- [What is being asked]: In the entries below, which lines run from the one containing "h \<longleftrightarrow> (\<forall>x." to the one containing "nat \<Rightarrow> 'v set"? Copy exactly those lines, ends included, and no others.

- [The records]:
= = = = =

(* Let $\mathcal H$ be the Hermitian polar space of a non-degenerate $\sigma$-Hermitian form of finite Witt index $n\ge2$ and anisotropic defect $d>0$ (possibly infinite) over a field $\mathbb F$. Let $\{\{p_1,\dots,p_n\},\{p'_1,\dots,p'_n\}\}$ be a frame of $\mathcal H$ and let $F_n$ be the set of the $2^n$ maximal singular subspaces $\langle x_1,\dots,x_n\rangle$ with $x_i\in\{p_i,p'_i\}$ for each $i$. Then $F_n$ generates the dual polar space $\mathcal H_n$.
   Context: Setting: $h$ non-degenerate $\sigma$-Hermitian ($\sigma\ne\mathrm{id}$ involutory) on $V=V_1\oplus\cdots\oplus V_n\oplus V_0$ with $V_i$ pairwise orthogonal hyperbolic planes and $V_0$ anisotropic orthogonal to them, $d=\dim V_0$. Points of $\mathcal H$: totally isotropic 1-spaces; $x\perp y$ means $h(x,y)=0$. $S_k(\mathcal H)$: totally isotropic subspaces of dimension $k$. A frame is a pair of bases $\{p_1,\dots,p_n\}$, $\{p'_1,\dots,p'_n\}$ of two disjoint maximal totally isotropic subspaces such that $p_i\perp p'_j$ iff $i\ne j$. The dual polar space $\mathcal H_n$ has points $S_n(\mathcal H)$ and lines $\{Z\in S_n(\mathcal H): Z\supset X\}$ for $X\in S_{n-1}(\mathcal H)$. A set generates a point-line geometry if the smallest subspace (set closed under taking lines meeting it in $\ge2$ points) containing it is the whole point set. *)

theory Defs
  imports "HOL.Vector_Spaces"
begin

definition inv_field_aut :: "('k::field \<Rightarrow> 'k) \<Rightarrow> bool" where
  "inv_field_aut \<sigma> \<longleftrightarrow>
     (\<forall>a b. \<sigma> (a + b) = \<sigma> a + \<sigma> b) \<and> (\<forall>a b. \<sigma> (a * b) = \<sigma> a * \<sigma> b) \<and>
     (\<forall>a. \<sigma> (\<sigma> a) = a) \<and> \<sigma> \<noteq> id"

definition sigma_hermitian ::
  "('k::field \<Rightarrow> 'v::ab_group_add \<Rightarrow> 'v) \<Rightarrow> ('k \<Rightarrow> 'k) \<Rightarrow> ('v \<Rightarrow> 'v \<Rightarrow> 'k) \<Rightarrow> bool" where
  "sigma_hermitian scale \<sigma> h \<longleftrightarrow>
     (\<forall>x y z. h (x + y) z = h x z + h y z) \<and>
     (\<forall>a x y. h (scale a x) y = a * h x y) \<and>
     (\<forall>x y. h y x = \<sigma> (h x y))"

definition nondegenerate :: "('v::zero \<Rightarrow> 'v \<Rightarrow> 'k::field) \<Rightarrow> bool" where
  "nondegenerate h \<longleftrightarrow> (\<forall>x. (\<forall>y. h x y = 0) \<longrightarrow> x = 0)"

definition tot_iso :: "('v \<Rightarrow> 'v \<Rightarrow> 'k::field) \<Rightarrow> 'v set \<Rightarrow> bool" where
  "tot_iso h W \<longleftrightarrow> (\<forall>x\<in>W. \<forall>y\<in>W. h x y = 0)"

definition Sk ::
  "('k::field \<Rightarrow> 'v::ab_group_add \<Rightarrow> 'v) \<Rightarrow> ('v \<Rightarrow> 'v \<Rightarrow> 'k) \<Rightarrow> nat \<Rightarrow> 'v set set" where
  "Sk scale h k = {W. module.subspace scale W \<and> tot_iso h W \<and>
      (\<exists>B. finite B \<and> card B = k \<and> module.independent scale B \<and> module.span scale B = W)}"

definition witt_index ::
  "('k::field \<Rightarrow> 'v::ab_group_add \<Rightarrow> 'v) \<Rightarrow> ('v \<Rightarrow> 'v \<Rightarrow> 'k) \<Rightarrow> nat \<Rightarrow> bool" where
  "witt_index scale h n \<longleftrightarrow> Sk scale h n \<noteq> {} \<and>
     (\<forall>W. module.subspace scale W \<and> tot_iso h W \<longrightarrow>
        (\<exists>B. finite B \<and> card B \<le> n \<and> module.independent scale B \<and> module.span scale B = W))"

text \<open>Positive anisotropic defect: V = V_1 + ... + V_n + V_0 with hyperbolic planes
  V_i = <e_i, f_i> and V_0 (their orthogonal complement) anisotropic and nonzero.\<close>
definition positive_defect ::
  "('k::field \<Rightarrow> 'v::ab_group_add \<Rightarrow> 'v) \<Rightarrow> ('v \<Rightarrow> 'v \<Rightarrow> 'k) \<Rightarrow> nat \<Rightarrow> bool" where
  "positive_defect scale h n \<longleftrightarrow>
     (\<exists>e f :: nat \<Rightarrow> 'v.
        (\<forall>i<n. \<forall>j<n. h (e i) (e j) = 0 \<and> h (f i) (f j) = 0 \<and>
                      h (e i) (f j) = (if i = j then 1 else 0)) \<and>
        (let V0 = {v. \<forall>i<n. h v (e i) = 0 \<and> h v (f i) = 0} in
           (\<forall>v\<in>V0. h v v = 0 \<longrightarrow> v = 0) \<and> V0 \<noteq> {0}))"

definition is_frame ::
  "('k::field \<Rightarrow> 'v::ab_group_add \<Rightarrow> 'v) \<Rightarrow> ('v \<Rightarrow> 'v \<Rightarrow> 'k) \<Rightarrow> nat \<Rightarrow>
   (nat \<Rightarrow> 'v) \<Rightarrow> (nat \<Rightarrow> 'v) \<Rightarrow> bool" where
  "is_frame scale h n p p' \<longleftrightarrow>
     (let P = module.span scale (p ` {..<n}); P' = module.span scale (p' ` {..<n}) in
        card (p ` {..<n}) = n \<and> module.independent scale (p ` {..<n}) \<and>
        card (p' ` {..<n}) = n \<and> module.independent scale (p' ` {..<n}) \<and>
        tot_iso h P \<and> tot_iso h P' \<and>
        (\<forall>W. module.subspace scale W \<and> tot_iso h W \<and> P \<subseteq> W \<longrightarrow> W = P) \<and>
        (\<forall>W. module.subspace scale W \<and> tot_iso h W \<and> P' \<subseteq> W \<longrightarrow> W = P') \<and>
        P \<inter> P' = {0} \<and>
        (\<forall>i<n. \<forall>j<n. h (p i) (p' j) = 0 \<longleftrightarrow> i \<noteq> j))"

definition frame_subspaces ::
  "('k::field \<Rightarrow> 'v::ab_group_add \<Rightarrow> 'v) \<Rightarrow> nat \<Rightarrow> (nat \<Rightarrow> 'v) \<Rightarrow> (nat \<Rightarrow> 'v) \<Rightarrow> 'v set set" where
  "frame_subspaces scale n p p' =
     {module.span scale ((\<lambda>i. if c i then p i else p' i) ` {..<n}) | c :: nat \<Rightarrow> bool. True}"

= = = = =

- [Task response]:
  "nondegenerate h \<longleftrightarrow> (\<forall>x. (\<forall>y. h x y = 0) \<longrightarrow> x = 0)"

definition tot_iso :: "('v \<Rightarrow> 'v \<Rightarrow> 'k::field) \<Rightarrow> 'v set \<Rightarrow> bool" where
  "tot_iso h W \<longleftrightarrow> (\<forall>x\<in>W. \<forall>y\<in>W. h x y = 0)"

definition Sk ::
  "('k::field \<Rightarrow> 'v::ab_group_add \<Rightarrow> 'v) \<Rightarrow> ('v \<Rightarrow> 'v \<Rightarrow> 'k) \<Rightarrow> nat \<Rightarrow> 'v set set" where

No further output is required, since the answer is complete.